(What the exercise asks)
In the following listing, work out how many lines contain the string "close", and state only that number.
Available data Block Start
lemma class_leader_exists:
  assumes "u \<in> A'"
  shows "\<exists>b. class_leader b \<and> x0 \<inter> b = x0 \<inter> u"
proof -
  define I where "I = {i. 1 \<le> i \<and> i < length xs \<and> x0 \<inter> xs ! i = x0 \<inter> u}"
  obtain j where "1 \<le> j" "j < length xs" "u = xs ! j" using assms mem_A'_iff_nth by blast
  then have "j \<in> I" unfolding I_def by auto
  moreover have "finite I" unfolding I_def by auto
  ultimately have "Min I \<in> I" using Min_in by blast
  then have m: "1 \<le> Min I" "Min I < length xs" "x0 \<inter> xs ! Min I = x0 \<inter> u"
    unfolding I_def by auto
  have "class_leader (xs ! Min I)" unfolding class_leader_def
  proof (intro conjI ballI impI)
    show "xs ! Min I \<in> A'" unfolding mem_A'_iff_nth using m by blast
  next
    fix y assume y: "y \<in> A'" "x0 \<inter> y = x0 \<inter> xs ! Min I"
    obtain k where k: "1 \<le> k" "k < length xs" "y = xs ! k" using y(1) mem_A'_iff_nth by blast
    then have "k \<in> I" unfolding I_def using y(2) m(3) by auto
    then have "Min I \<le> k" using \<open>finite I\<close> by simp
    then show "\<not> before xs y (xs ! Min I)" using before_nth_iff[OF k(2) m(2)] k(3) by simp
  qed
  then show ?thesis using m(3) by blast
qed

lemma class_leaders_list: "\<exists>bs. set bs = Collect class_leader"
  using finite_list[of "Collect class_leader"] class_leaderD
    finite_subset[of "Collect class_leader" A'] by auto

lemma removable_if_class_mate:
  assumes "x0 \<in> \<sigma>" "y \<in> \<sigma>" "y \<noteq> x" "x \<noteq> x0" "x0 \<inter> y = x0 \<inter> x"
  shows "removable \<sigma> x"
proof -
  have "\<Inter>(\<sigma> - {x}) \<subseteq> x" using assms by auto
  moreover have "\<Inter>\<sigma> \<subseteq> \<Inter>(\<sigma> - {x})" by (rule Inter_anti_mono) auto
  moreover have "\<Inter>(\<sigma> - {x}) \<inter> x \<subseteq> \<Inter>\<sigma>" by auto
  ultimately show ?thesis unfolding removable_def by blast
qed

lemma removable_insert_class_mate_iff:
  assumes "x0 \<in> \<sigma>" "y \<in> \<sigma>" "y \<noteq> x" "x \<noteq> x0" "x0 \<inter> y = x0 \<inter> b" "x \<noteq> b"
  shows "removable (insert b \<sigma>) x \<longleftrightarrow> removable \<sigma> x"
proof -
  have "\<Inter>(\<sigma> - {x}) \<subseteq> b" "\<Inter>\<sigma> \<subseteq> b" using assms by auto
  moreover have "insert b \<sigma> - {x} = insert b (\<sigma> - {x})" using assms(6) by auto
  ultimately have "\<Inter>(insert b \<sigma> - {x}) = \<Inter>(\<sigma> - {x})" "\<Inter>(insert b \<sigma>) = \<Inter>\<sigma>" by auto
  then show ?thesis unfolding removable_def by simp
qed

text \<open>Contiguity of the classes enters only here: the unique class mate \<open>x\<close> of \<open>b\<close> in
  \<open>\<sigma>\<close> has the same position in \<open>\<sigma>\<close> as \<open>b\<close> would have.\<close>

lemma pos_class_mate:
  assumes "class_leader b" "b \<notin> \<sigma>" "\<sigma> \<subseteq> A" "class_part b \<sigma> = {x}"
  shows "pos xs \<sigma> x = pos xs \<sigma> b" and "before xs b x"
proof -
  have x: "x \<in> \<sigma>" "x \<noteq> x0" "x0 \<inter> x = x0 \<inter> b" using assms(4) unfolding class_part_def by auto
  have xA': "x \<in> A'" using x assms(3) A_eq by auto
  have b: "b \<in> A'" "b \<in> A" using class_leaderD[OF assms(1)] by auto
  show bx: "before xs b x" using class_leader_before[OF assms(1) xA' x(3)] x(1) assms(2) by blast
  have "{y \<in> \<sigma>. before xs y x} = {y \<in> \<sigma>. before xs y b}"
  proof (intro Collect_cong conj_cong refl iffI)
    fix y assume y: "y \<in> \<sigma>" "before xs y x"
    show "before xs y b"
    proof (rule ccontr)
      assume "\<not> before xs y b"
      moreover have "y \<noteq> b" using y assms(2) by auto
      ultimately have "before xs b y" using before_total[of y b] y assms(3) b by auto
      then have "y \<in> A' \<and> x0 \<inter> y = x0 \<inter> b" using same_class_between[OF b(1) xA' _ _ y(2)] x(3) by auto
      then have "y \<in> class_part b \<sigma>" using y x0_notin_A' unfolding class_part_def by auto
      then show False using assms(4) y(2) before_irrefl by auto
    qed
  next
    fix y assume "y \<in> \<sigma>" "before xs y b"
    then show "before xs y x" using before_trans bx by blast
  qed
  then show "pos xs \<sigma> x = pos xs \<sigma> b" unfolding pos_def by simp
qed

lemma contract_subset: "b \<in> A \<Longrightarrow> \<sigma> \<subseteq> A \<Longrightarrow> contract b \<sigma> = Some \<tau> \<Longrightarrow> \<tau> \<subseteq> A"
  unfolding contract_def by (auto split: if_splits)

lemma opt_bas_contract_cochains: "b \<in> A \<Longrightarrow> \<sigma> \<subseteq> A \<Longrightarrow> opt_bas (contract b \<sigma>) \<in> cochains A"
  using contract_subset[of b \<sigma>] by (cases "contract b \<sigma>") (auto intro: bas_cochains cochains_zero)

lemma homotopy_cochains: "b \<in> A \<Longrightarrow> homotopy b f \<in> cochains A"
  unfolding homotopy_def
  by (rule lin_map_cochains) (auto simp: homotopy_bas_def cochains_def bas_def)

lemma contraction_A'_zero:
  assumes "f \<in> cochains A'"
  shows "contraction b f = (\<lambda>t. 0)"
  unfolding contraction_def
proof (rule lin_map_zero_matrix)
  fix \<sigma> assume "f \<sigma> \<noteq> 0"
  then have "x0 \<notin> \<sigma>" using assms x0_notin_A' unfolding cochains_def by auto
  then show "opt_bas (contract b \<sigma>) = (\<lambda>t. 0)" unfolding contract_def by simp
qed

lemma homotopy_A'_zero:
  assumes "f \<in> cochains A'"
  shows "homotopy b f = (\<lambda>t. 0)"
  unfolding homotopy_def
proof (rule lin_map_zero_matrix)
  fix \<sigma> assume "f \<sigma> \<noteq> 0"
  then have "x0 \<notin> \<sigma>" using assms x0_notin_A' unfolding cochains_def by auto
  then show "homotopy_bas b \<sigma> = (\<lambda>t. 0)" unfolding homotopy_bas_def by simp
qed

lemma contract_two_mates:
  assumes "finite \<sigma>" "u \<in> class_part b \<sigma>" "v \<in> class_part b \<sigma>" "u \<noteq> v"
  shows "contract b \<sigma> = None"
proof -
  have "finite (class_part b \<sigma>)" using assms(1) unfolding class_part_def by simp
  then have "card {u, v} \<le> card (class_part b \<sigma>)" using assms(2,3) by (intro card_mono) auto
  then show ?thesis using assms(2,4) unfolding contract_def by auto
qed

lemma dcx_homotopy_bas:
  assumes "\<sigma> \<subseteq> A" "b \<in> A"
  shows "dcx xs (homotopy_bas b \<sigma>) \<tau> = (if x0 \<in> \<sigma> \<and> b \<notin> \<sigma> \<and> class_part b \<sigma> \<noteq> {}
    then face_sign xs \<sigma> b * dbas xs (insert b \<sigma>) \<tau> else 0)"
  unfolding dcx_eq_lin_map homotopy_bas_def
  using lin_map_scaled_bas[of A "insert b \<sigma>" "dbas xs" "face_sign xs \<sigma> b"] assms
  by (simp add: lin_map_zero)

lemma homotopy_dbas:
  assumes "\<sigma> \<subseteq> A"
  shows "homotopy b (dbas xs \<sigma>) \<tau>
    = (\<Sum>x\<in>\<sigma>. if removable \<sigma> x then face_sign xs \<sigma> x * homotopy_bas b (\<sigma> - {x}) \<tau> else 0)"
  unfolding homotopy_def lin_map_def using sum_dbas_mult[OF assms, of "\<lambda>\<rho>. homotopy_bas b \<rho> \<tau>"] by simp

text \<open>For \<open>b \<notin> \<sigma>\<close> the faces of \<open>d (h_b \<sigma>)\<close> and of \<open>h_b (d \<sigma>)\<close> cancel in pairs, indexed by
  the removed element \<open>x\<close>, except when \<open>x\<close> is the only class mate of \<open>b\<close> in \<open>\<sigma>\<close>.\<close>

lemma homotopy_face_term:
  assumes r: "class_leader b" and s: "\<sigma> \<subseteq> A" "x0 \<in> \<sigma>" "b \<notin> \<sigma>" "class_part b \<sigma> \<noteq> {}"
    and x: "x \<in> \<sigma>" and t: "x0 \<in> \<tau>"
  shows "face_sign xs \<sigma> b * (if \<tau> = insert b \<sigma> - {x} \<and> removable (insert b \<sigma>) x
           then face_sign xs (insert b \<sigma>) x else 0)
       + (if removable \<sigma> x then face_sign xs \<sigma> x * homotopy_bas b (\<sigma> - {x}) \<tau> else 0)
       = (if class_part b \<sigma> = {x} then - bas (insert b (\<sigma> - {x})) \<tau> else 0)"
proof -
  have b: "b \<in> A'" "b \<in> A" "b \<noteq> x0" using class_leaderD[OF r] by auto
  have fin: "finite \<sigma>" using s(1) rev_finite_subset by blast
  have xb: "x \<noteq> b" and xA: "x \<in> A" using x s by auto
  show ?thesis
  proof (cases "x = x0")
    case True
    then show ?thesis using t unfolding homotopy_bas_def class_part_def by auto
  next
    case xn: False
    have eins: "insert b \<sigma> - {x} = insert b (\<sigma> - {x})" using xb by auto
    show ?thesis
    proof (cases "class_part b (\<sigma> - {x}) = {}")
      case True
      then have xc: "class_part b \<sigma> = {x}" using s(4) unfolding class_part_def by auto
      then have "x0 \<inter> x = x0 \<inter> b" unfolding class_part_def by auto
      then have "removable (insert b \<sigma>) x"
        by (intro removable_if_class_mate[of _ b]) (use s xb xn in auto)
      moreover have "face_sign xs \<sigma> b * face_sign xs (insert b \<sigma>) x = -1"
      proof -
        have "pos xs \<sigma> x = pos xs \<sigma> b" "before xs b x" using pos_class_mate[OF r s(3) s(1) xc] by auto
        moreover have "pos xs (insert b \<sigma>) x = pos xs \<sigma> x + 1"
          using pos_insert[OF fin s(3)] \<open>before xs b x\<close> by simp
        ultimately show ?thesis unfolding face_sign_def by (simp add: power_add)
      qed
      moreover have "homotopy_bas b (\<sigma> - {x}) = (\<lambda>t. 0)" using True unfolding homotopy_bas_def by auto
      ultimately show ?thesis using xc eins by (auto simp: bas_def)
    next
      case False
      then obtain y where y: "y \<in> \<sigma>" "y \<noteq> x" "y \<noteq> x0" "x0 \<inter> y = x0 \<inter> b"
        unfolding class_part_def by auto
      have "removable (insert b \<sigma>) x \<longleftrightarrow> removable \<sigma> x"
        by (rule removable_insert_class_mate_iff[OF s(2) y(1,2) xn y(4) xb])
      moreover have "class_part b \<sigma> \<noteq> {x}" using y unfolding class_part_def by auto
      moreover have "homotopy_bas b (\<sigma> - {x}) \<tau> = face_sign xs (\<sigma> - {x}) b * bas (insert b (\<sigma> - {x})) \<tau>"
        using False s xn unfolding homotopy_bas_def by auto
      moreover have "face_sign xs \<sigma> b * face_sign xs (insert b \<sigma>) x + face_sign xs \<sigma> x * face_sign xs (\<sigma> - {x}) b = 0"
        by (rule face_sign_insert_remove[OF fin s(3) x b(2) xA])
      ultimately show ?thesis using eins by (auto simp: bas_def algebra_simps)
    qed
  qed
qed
Available data Block End
Available data Block Start
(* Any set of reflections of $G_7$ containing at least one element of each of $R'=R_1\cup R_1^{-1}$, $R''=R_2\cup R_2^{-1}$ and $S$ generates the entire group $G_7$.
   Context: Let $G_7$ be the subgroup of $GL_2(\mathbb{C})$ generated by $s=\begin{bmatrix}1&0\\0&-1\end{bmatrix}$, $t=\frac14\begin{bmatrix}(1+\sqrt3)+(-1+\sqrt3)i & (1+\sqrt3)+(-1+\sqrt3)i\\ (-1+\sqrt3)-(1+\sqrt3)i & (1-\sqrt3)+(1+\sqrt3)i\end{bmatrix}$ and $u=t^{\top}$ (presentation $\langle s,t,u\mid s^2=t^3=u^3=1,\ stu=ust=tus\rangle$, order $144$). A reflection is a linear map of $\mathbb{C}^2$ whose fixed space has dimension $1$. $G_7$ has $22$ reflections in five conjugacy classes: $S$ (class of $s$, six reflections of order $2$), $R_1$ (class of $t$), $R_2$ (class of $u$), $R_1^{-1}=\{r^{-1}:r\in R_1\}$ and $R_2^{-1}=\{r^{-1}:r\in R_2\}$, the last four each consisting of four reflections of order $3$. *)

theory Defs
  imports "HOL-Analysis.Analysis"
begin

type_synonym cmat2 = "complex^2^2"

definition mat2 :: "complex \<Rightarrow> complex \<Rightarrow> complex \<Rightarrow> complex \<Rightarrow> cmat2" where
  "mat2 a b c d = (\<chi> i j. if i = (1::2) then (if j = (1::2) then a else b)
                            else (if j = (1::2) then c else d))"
Available data Block End
(Result of the task)
6